South Korea and the Netherlands, for example, spend over twice what the U.S. does per capita on video games, but have vastly lower rates of both gun violence and mass shootings, according to The Post’s comparison. The average Australian spends almost 50% more than the average American does on video games, but a random shooting in the northern city of Darwin that killed four people this June and injured one more was the worst mass shooting in the country since 1996, according to CNN.

Even Canada, our culturally similar neighbor to the north, spends about 50% more per capita than we do on video games, yet has a much lower gun-related murder rate than we do.

Within the U.S., millions of people consume violent video games and other forms of violent entertainment, but very few go on to commit mass shootings. Patrick Markey, director of The Interpersonal Research Laboratory and professor of psychology at Villanova University, said only 20% of school shooters have reported playing violent video games, compared to 70% of high school students overall, according to CNBC.

The rhetoric repeated by Trump, Patrick, Turner and many others not only ignores the complexities of the issue of societal violence, but also has more immediate consequences.

After the El Paso and Dayton mass shootings, Universal Studios pulled advertisements for its politically satirical horror film, “The Hunt,” starring Hilary Swank.

On Aug. 9, ahead of the film’s September release, Trump tweeted: “The movie coming out is made in order to inflame and cause chaos. They create their own violence and then try to blame others. They are the true racists, and are very bad for our country!”

The next day, Universal canceled the film’s release.

In a statement to The Hill, representatives of the studio said, “We stand by our filmmakers and will continue to distribute films in partnership with bold and visionary creators, like those associated with this satirical social thriller. But we understand that now is not the right time to release this film.” Jason Blum, one of the film’s producers, said he still hopes Universal will find a way to release it later, according to Time Magazine.

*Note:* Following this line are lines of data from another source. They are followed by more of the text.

lemma poly_mat_pCons:
  assumes A: "A \<in> carrier_mat n n"
  shows "poly_mat (pCons a p) A = a \<cdot>\<^sub>m 1\<^sub>m n + A * poly_mat p A"
proof (rule eq_matI)
  fix i j
  assume "i < dim_row (a \<cdot>\<^sub>m 1\<^sub>m n + A * poly_mat p A)"
    and "j < dim_col (a \<cdot>\<^sub>m 1\<^sub>m n + A * poly_mat p A)"
  then have ij: "i < n" "j < n"
    using A by auto
  define N where "N = Suc (degree p)"
  have N: "degree p < N" "degree (pCons a p) < Suc N"
    by (auto simp: N_def)
  have power: "(A ^\<^sub>m Suc k) $$ (i, j) = (\<Sum>l<n. A $$ (i, l) * (A ^\<^sub>m k) $$ (l, j))" for k
  proof -
    have "(A ^\<^sub>m Suc k) $$ (i, j) = (A * A ^\<^sub>m k) $$ (i, j)"
      by (simp add: pow_mat_commute[OF A])
    also have "\<dots> = (\<Sum>l<n. A $$ (i, l) * (A ^\<^sub>m k) $$ (l, j))"
      by (rule index_mult_mat_sum[OF A pow_carrier_mat[OF A] ij])
    finally show ?thesis .
  qed
  have "poly_mat (pCons a p) A $$ (i, j) = (\<Sum>k<Suc N. coeff (pCons a p) k * (A ^\<^sub>m k) $$ (i, j))"
    by (rule index_poly_mat[OF A ij N(2)])
  also have "\<dots> = a * 1\<^sub>m n $$ (i, j) + (\<Sum>k<N. coeff p k * (A ^\<^sub>m Suc k) $$ (i, j))"
    using A ij by (subst sum.lessThan_Suc_shift) (simp del: pow_mat.simps(2))
  also have "(\<Sum>k<N. coeff p k * (A ^\<^sub>m Suc k) $$ (i, j))
      = (\<Sum>l<n. A $$ (i, l) * (\<Sum>k<N. coeff p k * (A ^\<^sub>m k) $$ (l, j)))"
    by (simp add: power sum_distrib_left sum.swap[of _ "{..<N}"] algebra_simps del: pow_mat.simps)
  also have "\<dots> = (A * poly_mat p A) $$ (i, j)"
    using A ij by (simp add: index_mult_mat_sum[OF A poly_mat_carrier[OF A] ij]
        index_poly_mat[OF A _ ij(2) N(1)] del: index_mult_mat)
  finally show "poly_mat (pCons a p) A $$ (i, j) = (a \<cdot>\<^sub>m 1\<^sub>m n + A * poly_mat p A) $$ (i, j)"
    using A ij by simp
qed (use A in auto)

lemma poly_mat_mult:
  assumes A: "A \<in> carrier_mat n n"
  shows "poly_mat (p * q) A = poly_mat p A * poly_mat q A"
proof (induction p rule: pCons_induct)
  case 0
  then show ?case
    using A by (simp add: poly_mat_0)
next
  case (pCons a p)
  have P: "poly_mat p A \<in> carrier_mat n n" and Q: "poly_mat q A \<in> carrier_mat n n"
    using A by auto
  have "poly_mat (pCons a p * q) A = poly_mat (Polynomial.smult a q + pCons 0 (p * q)) A"
    by simp
  also have "\<dots> = a \<cdot>\<^sub>m poly_mat q A + A * (poly_mat p A * poly_mat q A)"
    using A P Q by (simp add: poly_mat_add poly_mat_smult poly_mat_pCons pCons.IH
        left_add_zero_mat[OF mult_carrier_mat[OF A mult_carrier_mat[OF P Q]]])
  also have "\<dots> = (a \<cdot>\<^sub>m 1\<^sub>m n) * poly_mat q A + (A * poly_mat p A) * poly_mat q A"
    using A P Q by (simp add: mult_smult_assoc_mat[of "1\<^sub>m n" n n _ n] assoc_mult_mat[OF A P Q]
        left_mult_one_mat)
  also have "\<dots> = (a \<cdot>\<^sub>m 1\<^sub>m n + A * poly_mat p A) * poly_mat q A"
    by (rule add_mult_distrib_mat[symmetric]) (use A P Q in auto)
  finally show ?case
    using A by (simp add: poly_mat_pCons)
qed

lemma poly_mat_pcompose:
  assumes A: "A \<in> carrier_mat n n"
  shows "poly_mat (pcompose p q) A = poly_mat p (poly_mat q A)"
proof (induction p rule: pCons_induct)
  case 0
  then show ?case
    using A by (simp add: poly_mat_0[OF A] poly_mat_0[of _ n])
next
  case (pCons a p)
  have Q: "poly_mat q A \<in> carrier_mat n n"
    using A by simp
  show ?case
    using A pCons.IH by (simp add: poly_mat_add poly_mat_const poly_mat_mult
        poly_mat_pCons[OF Q])
qed

lemma poly_mat_intertwine:
  assumes A: "A \<in> carrier_mat n n" and B: "B \<in> carrier_mat m m" and S: "S \<in> carrier_mat m n"
    and BS: "B * S = S * A"
  shows "poly_mat p B * S = S * poly_mat p A"
proof (induction p rule: pCons_induct)
  case 0
  then show ?case
    using A B S by (simp add: poly_mat_0)
next
  case (pCons a p)
  have X: "poly_mat p B \<in> carrier_mat m m" and Y: "poly_mat p A \<in> carrier_mat n n"
    using A B by auto
  have "poly_mat (pCons a p) B * S = a \<cdot>\<^sub>m S + B * (poly_mat p B * S)"
    using B S X by (simp add: poly_mat_pCons[OF B] add_mult_distrib_mat[of _ m m]
        mult_smult_assoc_mat[of _ m m] assoc_mult_mat[of B m m _ m S n])
  also have "\<dots> = a \<cdot>\<^sub>m S + (B * S) * poly_mat p A"
    using B S Y by (simp add: pCons.IH assoc_mult_mat[of B m m S n _ n])
  also have "\<dots> = S * poly_mat (pCons a p) A"
    using A S Y by (simp add: BS poly_mat_pCons[OF A] mult_add_distrib_mat[of S m n _ n]
        mult_smult_distrib[of S m n _ n] assoc_mult_mat[of S m n A n _ n])
  finally show ?case .
qed

lemma (in comm_ring_hom) poly_mat_hom:
  assumes A: "A \<in> carrier_mat n n"
  shows "mat\<^sub>h (poly_mat p A) = poly_mat (map_poly hom p) (mat\<^sub>h A)"
proof -
  have N: "degree p < Suc (degree p)" "degree (map_poly hom p) < Suc (degree p)"
    using degree_map_poly_le[of hom p] by auto
  have hA: "mat\<^sub>h A \<in> carrier_mat n n"
    using A by simp
  show ?thesis
    using A by (intro eq_matI) (auto simp: index_poly_mat[OF A _ _ N(1)]
        index_poly_mat[OF hA _ _ N(2)] hom_add hom_sum hom_mult mat_hom_pow[OF A, symmetric])
qed

lemma poly_mat_transpose:
  assumes A: "A \<in> carrier_mat n n"
  shows "poly_mat p (transpose_mat A) = transpose_mat (poly_mat p A)"
proof -
  have N: "degree p < Suc (degree p)"
    by simp
  have At: "transpose_mat A \<in> carrier_mat n n"
    using A by simp
  show ?thesis
    using A by (intro eq_matI) (auto simp: index_poly_mat[OF A _ _ N] index_poly_mat[OF At _ _ N]
        transpose_pow_mat[OF A, symmetric])
qed

lemma poly_mat_reflect_poly:
  assumes a: "\<alpha> \<in> carrier_mat n n" and b: "\<beta> \<in> carrier_mat n n" and ab: "\<alpha> * \<beta> = 1\<^sub>m n"
  shows "poly_mat (reflect_poly p) \<alpha> = \<alpha> ^\<^sub>m degree p * poly_mat p \<beta>"
proof (induction p rule: pCons_induct)
  case 0
  show ?case
    using a b by (simp add: poly_mat_0[OF a] poly_mat_0[OF b])
next
  case (pCons c p)
  show ?case
  proof (cases "p = 0")
    case True
    then show ?thesis
      using a b by (simp add: poly_mat_const[OF a] poly_mat_const[OF b])
  next
    case False
    define d where "d = degree p"
    have X: "poly_mat p \<beta> \<in> carrier_mat n n" and P: "\<alpha> ^\<^sub>m d \<in> carrier_mat n n"
      using a b by auto
    have "\<alpha> ^\<^sub>m Suc d * (\<beta> * poly_mat p \<beta>) = \<alpha> ^\<^sub>m d * (\<alpha> * (\<beta> * poly_mat p \<beta>))"
      using assoc_mult_mat[OF P a mult_carrier_mat[OF b X]] by simp
    also have "\<alpha> * (\<beta> * poly_mat p \<beta>) = poly_mat p \<beta>"
      using assoc_mult_mat[OF a b X] X by (simp add: ab left_mult_one_mat)
    finally have cancel: "\<alpha> ^\<^sub>m Suc d * (\<beta> * poly_mat p \<beta>) = \<alpha> ^\<^sub>m d * poly_mat p \<beta>" .
    have "poly_mat (reflect_poly (pCons c p)) \<alpha> = \<alpha> ^\<^sub>m d * poly_mat p \<beta> + c \<cdot>\<^sub>m \<alpha> ^\<^sub>m Suc d"
      using False a by (simp add: d_def reflect_poly_pCons' poly_mat_add pCons.IH poly_mat_monom
          del: pow_mat.simps)
    also have "\<dots> = c \<cdot>\<^sub>m \<alpha> ^\<^sub>m Suc d + \<alpha> ^\<^sub>m d * poly_mat p \<beta>"
      by (rule comm_add_mat[OF mult_carrier_mat[OF P X] smult_carrier_mat[OF pow_carrier_mat[OF a]]])
    also have "\<dots> = \<alpha> ^\<^sub>m Suc d * (c \<cdot>\<^sub>m 1\<^sub>m n) + \<alpha> ^\<^sub>m Suc d * (\<beta> * poly_mat p \<beta>)"
      by (simp only: cancel mult_smult_distrib[OF pow_carrier_mat[OF a] one_carrier_mat]
          right_mult_one_mat[OF pow_carrier_mat[OF a]])
    also have "\<dots> = \<alpha> ^\<^sub>m Suc d * (c \<cdot>\<^sub>m 1\<^sub>m n + \<beta> * poly_mat p \<beta>)"
      by (rule mult_add_distrib_mat[symmetric, OF pow_carrier_mat[OF a]
            smult_carrier_mat[OF one_carrier_mat] mult_carrier_mat[OF b X]])
    also have "\<dots> = \<alpha> ^\<^sub>m degree (pCons c p) * poly_mat (pCons c p) \<beta>"
      by (simp only: d_def degree_pCons_eq[OF False] poly_mat_pCons[OF b])
    finally show ?thesis .
  qed
qed

section \<open>The Cayley-Hamilton theorem\<close>

lemma char_poly_coeff_identity:
  fixes A :: "'a::comm_ring_1 mat"
  assumes A: "A \<in> carrier_mat n n" and ij: "i < n" "j < n"
  defines "B \<equiv> adj_mat (char_poly_matrix A)"
  shows "coeff (char_poly A) k * 1\<^sub>m n $$ (i, j)
    = coeff (pCons 0 (B $$ (i, j))) k - (\<Sum>l<n. A $$ (i, l) * coeff (B $$ (l, j)) k)"
proof -
  have P: "char_poly_matrix A \<in> carrier_mat n n"
    using A by simp
  have B: "B \<in> carrier_mat n n"
    using adj_mat(1)[OF P] by (simp add: B_def)
  have "char_poly A * 1\<^sub>m n $$ (i, j) = (char_poly_matrix A * B) $$ (i, j)"
    using adj_mat(2)[OF P] ij by (simp add: B_def char_poly_def)
  also have "\<dots> = (\<Sum>l<n. (if i = l then pCons 0 (B $$ (l, j)) else 0)
      - Polynomial.smult (A $$ (i, l)) (B $$ (l, j)))"
    unfolding index_mult_mat_sum[OF P B ij]
  proof (intro sum.cong refl)
    fix l
    assume "l \<in> {..<n}"
    then have "char_poly_matrix A $$ (i, l) = (if i = l then [:0, 1:] else 0) + [:- A $$ (i, l):]"
      using A ij by (simp add: char_poly_matrix_def)
    moreover have "([:0, 1:] + [:- a:]) * b = pCons 0 b - Polynomial.smult a b" for a :: 'a and b
      by (simp add: algebra_simps)
    ultimately show "char_poly_matrix A $$ (i, l) * B $$ (l, j)
        = (if i = l then pCons 0 (B $$ (l, j)) else 0) - Polynomial.smult (A $$ (i, l)) (B $$ (l, j))"
      by simp
  qed
  also have "\<dots> = pCons 0 (B $$ (i, j)) - (\<Sum>l<n. Polynomial.smult (A $$ (i, l)) (B $$ (l, j)))"
    using ij by (simp add: sum_subtractf)
  finally show ?thesis
    using ij by (cases "i = j") (simp_all add: coeff_sum)
qed

theorem cayley_hamilton:
  fixes A :: "'a::comm_ring_1 mat"
  assumes A: "A \<in> carrier_mat n n"
  shows "poly_mat (char_poly A) A = 0\<^sub>m n n"
proof -
  define B where "B = adj_mat (char_poly_matrix A)"
  define coeff_mat where "coeff_mat P k = mat n n (\<lambda>(i, j). coeff (P $$ (i, j)) k)"
    for P :: "'a poly mat" and k
  define G where "G k = A ^\<^sub>m k * coeff_mat (map_mat (pCons 0) B) k" for k
  have B_carrier: "B \<in> carrier_mat n n"
    using A by (simp add: B_def adj_mat)
  have coeff_mat: "coeff_mat P k \<in> carrier_mat n n" for P k
    by (simp add: coeff_mat_def)
  have dim_coeff_mat: "dim_row (coeff_mat P k) = n" "dim_col (coeff_mat P k) = n" for P k
    by (simp_all add: coeff_mat_def)
  have index_coeff_mat: "coeff_mat P k $$ (i, j) = coeff (P $$ (i, j)) k" if "i < n" "j < n" for P k i j
    using that by (simp add: coeff_mat_def)
  have G: "G k \<in> carrier_mat n n" for k
    using mult_carrier_mat[OF pow_carrier_mat[OF A] coeff_mat] by (simp add: G_def)
  have telescope: "coeff (char_poly A) k \<cdot>\<^sub>m A ^\<^sub>m k = G k - G (Suc k)" for k
  proof -
    have key: "coeff (char_poly A) k \<cdot>\<^sub>m 1\<^sub>m n = coeff_mat (map_mat (pCons 0) B) k - A * coeff_mat B k"
    proof (rule eq_matI)
      fix i j
      assume "i < dim_row (coeff_mat (map_mat (pCons 0) B) k - A * coeff_mat B k)"
        and "j < dim_col (coeff_mat (map_mat (pCons 0) B) k - A * coeff_mat B k)"
      then have ij: "i < n" "j < n"
        using A by (simp_all add: coeff_mat_def)
      have "(coeff (char_poly A) k \<cdot>\<^sub>m 1\<^sub>m n) $$ (i, j) = coeff (char_poly A) k * 1\<^sub>m n $$ (i, j)"
        using ij by simp
      also have "\<dots> = coeff (pCons 0 (B $$ (i, j))) k - (\<Sum>l<n. A $$ (i, l) * coeff (B $$ (l, j)) k)"
        by (rule char_poly_coeff_identity[OF A ij, folded B_def])
      also have "\<dots> = (coeff_mat (map_mat (pCons 0) B) k - A * coeff_mat B k) $$ (i, j)"
        using A B_carrier ij
        by (simp add: index_coeff_mat dim_coeff_mat scalar_prod_def lessThan_atLeast0)
      finally show "(coeff (char_poly A) k \<cdot>\<^sub>m 1\<^sub>m n) $$ (i, j)
          = (coeff_mat (map_mat (pCons 0) B) k - A * coeff_mat B k) $$ (i, j)" .
    qed (use A in \<open>auto simp: coeff_mat_def\<close>)
    have "coeff (char_poly A) k \<cdot>\<^sub>m A ^\<^sub>m k = A ^\<^sub>m k * (coeff (char_poly A) k \<cdot>\<^sub>m 1\<^sub>m n)"
      using A by (simp add: mult_smult_distrib[OF pow_carrier_mat[OF A] one_carrier_mat]
          right_mult_one_mat)
    also have "\<dots> = A ^\<^sub>m k * coeff_mat (map_mat (pCons 0) B) k - A ^\<^sub>m k * (A * coeff_mat B k)"
      unfolding key
      by (rule mult_minus_distrib_mat[OF pow_carrier_mat[OF A] coeff_mat mult_carrier_mat[OF A coeff_mat]])
    also have "A ^\<^sub>m k * (A * coeff_mat B k) = A ^\<^sub>m Suc k * coeff_mat B k"
      using A by (simp add: assoc_mult_mat[OF pow_carrier_mat[OF A] A coeff_mat])
    also have "coeff_mat B k = coeff_mat (map_mat (pCons 0) B) (Suc k)"
      using B_carrier by (intro eq_matI) (auto simp: coeff_mat_def)
    finally show ?thesis
      by (simp add: G_def del: pow_mat.simps)
  qed
  define S where "S = Max ((\<lambda>(i, j). degree (B $$ (i, j))) ` ({..<n} \<times> {..<n}))"
  have S: "degree (B $$ (i, j)) \<le> S" if "i < n" "j < n" for i j
    unfolding S_def using that by (intro Max_ge) (auto intro!: image_eqI[where x = "(i, j)"])
  define N where "N = degree (char_poly A) + S + 2"
  have "coeff_mat (map_mat (pCons 0) B) 0 = 0\<^sub>m n n"
    using B_carrier by (intro eq_matI) (auto simp: index_coeff_mat dim_coeff_mat)
  moreover have "coeff_mat (map_mat (pCons 0) B) N = 0\<^sub>m n n"
  proof (rule eq_matI)
    fix i j
    assume "i < dim_row (0\<^sub>m n n :: 'a mat)" "j < dim_col (0\<^sub>m n n :: 'a mat)"
    then have ij: "i < n" "j < n"
      by auto
    have "degree (B $$ (i, j)) < Suc (degree (char_poly A) + S)"
      using S[OF ij] by simp
    then show "coeff_mat (map_mat (pCons 0) B) N $$ (i, j) = 0\<^sub>m n n $$ (i, j)"
      using B_carrier ij by (simp add: index_coeff_mat N_def coeff_eq_0)
  qed (simp_all add: dim_coeff_mat)
  ultimately have G_0: "G 0 = 0\<^sub>m n n" and G_N: "G N = 0\<^sub>m n n"
    using A by (simp_all add: G_def)
  show ?thesis
  proof (rule eq_matI)
    fix i j
    assume "i < dim_row (0\<^sub>m n n :: 'a mat)" "j < dim_col (0\<^sub>m n n :: 'a mat)"
    then have ij: "i < n" "j < n"
      by auto
    have N: "degree (char_poly A) < N"
      by (simp add: N_def)
    have "poly_mat (char_poly A) A $$ (i, j) = (\<Sum>k<N. (coeff (char_poly A) k \<cdot>\<^sub>m A ^\<^sub>m k) $$ (i, j))"
      using A ij by (simp add: index_poly_mat[OF A ij N])
    also have "\<dots> = (\<Sum>k<N. G k $$ (i, j) - G (Suc k) $$ (i, j))"
      using ij by (simp only: telescope) (simp add: G[THEN carrier_matD(1)] G[THEN carrier_matD(2)])
    also have "\<dots> = 0"
      unfolding sum_lessThan_telescope'[of "\<lambda>k. G k $$ (i, j)"] using G_0 G_N ij by simp
    finally show "poly_mat (char_poly A) A $$ (i, j) = 0\<^sub>m n n $$ (i, j)"
      using ij by simp
  qed (use A in auto)
qed
(* Let $G$ be a graph that has at least one pair of distinct twin vertices and at least one isolated vertex, and let $T$ be a minimum twin cover of $G$. Then for every $t\ge1$, \[\det(\mu_t(G))=t|T|+\det(G)+t-1.\]
   Context: All graphs are finite and simple. For a graph $G$ with $V(G)=\{v_1,\dots,v_n\}$ and an integer $t\ge1$, the generalized Mycielskian $\mu_t(G)$ has vertex set $\{u_i^s: 1\le i\le n,\ 0\le s\le t\}\cup\{w\}$, where $u_i^0$ is identified with $v_i$. Its edges are: $u_i^0u_j^0$ for each edge $v_iv_j$ of $G$; $u_i^su_j^{s+1}$ and $u_j^su_i^{s+1}$ for each edge $v_iv_j$ of $G$ and each $0\le s<t$; and $u_i^tw$ for all $1\le i\le n$. A set $S\subseteq V(G)$ is a determining set for $G$ if the only automorphism of $G$ fixing every vertex of $S$ is the identity; $\det(G)$ is the minimum size of a determining set. Two vertices are twins if they have the same open neighborhood. A minimum twin cover of a graph is a subset of its vertices of minimum size that contains at least one vertex from every pair of distinct twin vertices; equivalently, it contains all but one vertex of each class of mutually twin vertices. *)

theory Defs
  imports Main
begin

definition simple_graph :: "'a set \<Rightarrow> ('a \<Rightarrow> 'a \<Rightarrow> bool) \<Rightarrow> bool" where
  "simple_graph V E \<longleftrightarrow> finite V \<and> (\<forall>x y. E x y \<longrightarrow> x \<in> V \<and> y \<in> V)
     \<and> (\<forall>x y. E x y \<longrightarrow> E y x) \<and> (\<forall>x. \<not> E x x)"

definition automorphism :: "'a set \<Rightarrow> ('a \<Rightarrow> 'a \<Rightarrow> bool) \<Rightarrow> ('a \<Rightarrow> 'a) \<Rightarrow> bool" where
  "automorphism V E f \<longleftrightarrow> bij_betw f V V \<and> (\<forall>x\<in>V. \<forall>y\<in>V. E x y \<longleftrightarrow> E (f x) (f y))"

Blaming gun violence in the real world on violence in entertainment does not seem like much of a stretch.

The debate over the moral implications of how we depict violence in film has raged through the public eye almost since film was invented, and video games – some violent, some not – take bigger roles in our culture every year.

But the argument crumbles very quickly under the weight of hard outside references. Repeating it only distracts from the real discussion around gun violence and sets back real, actionable solutions.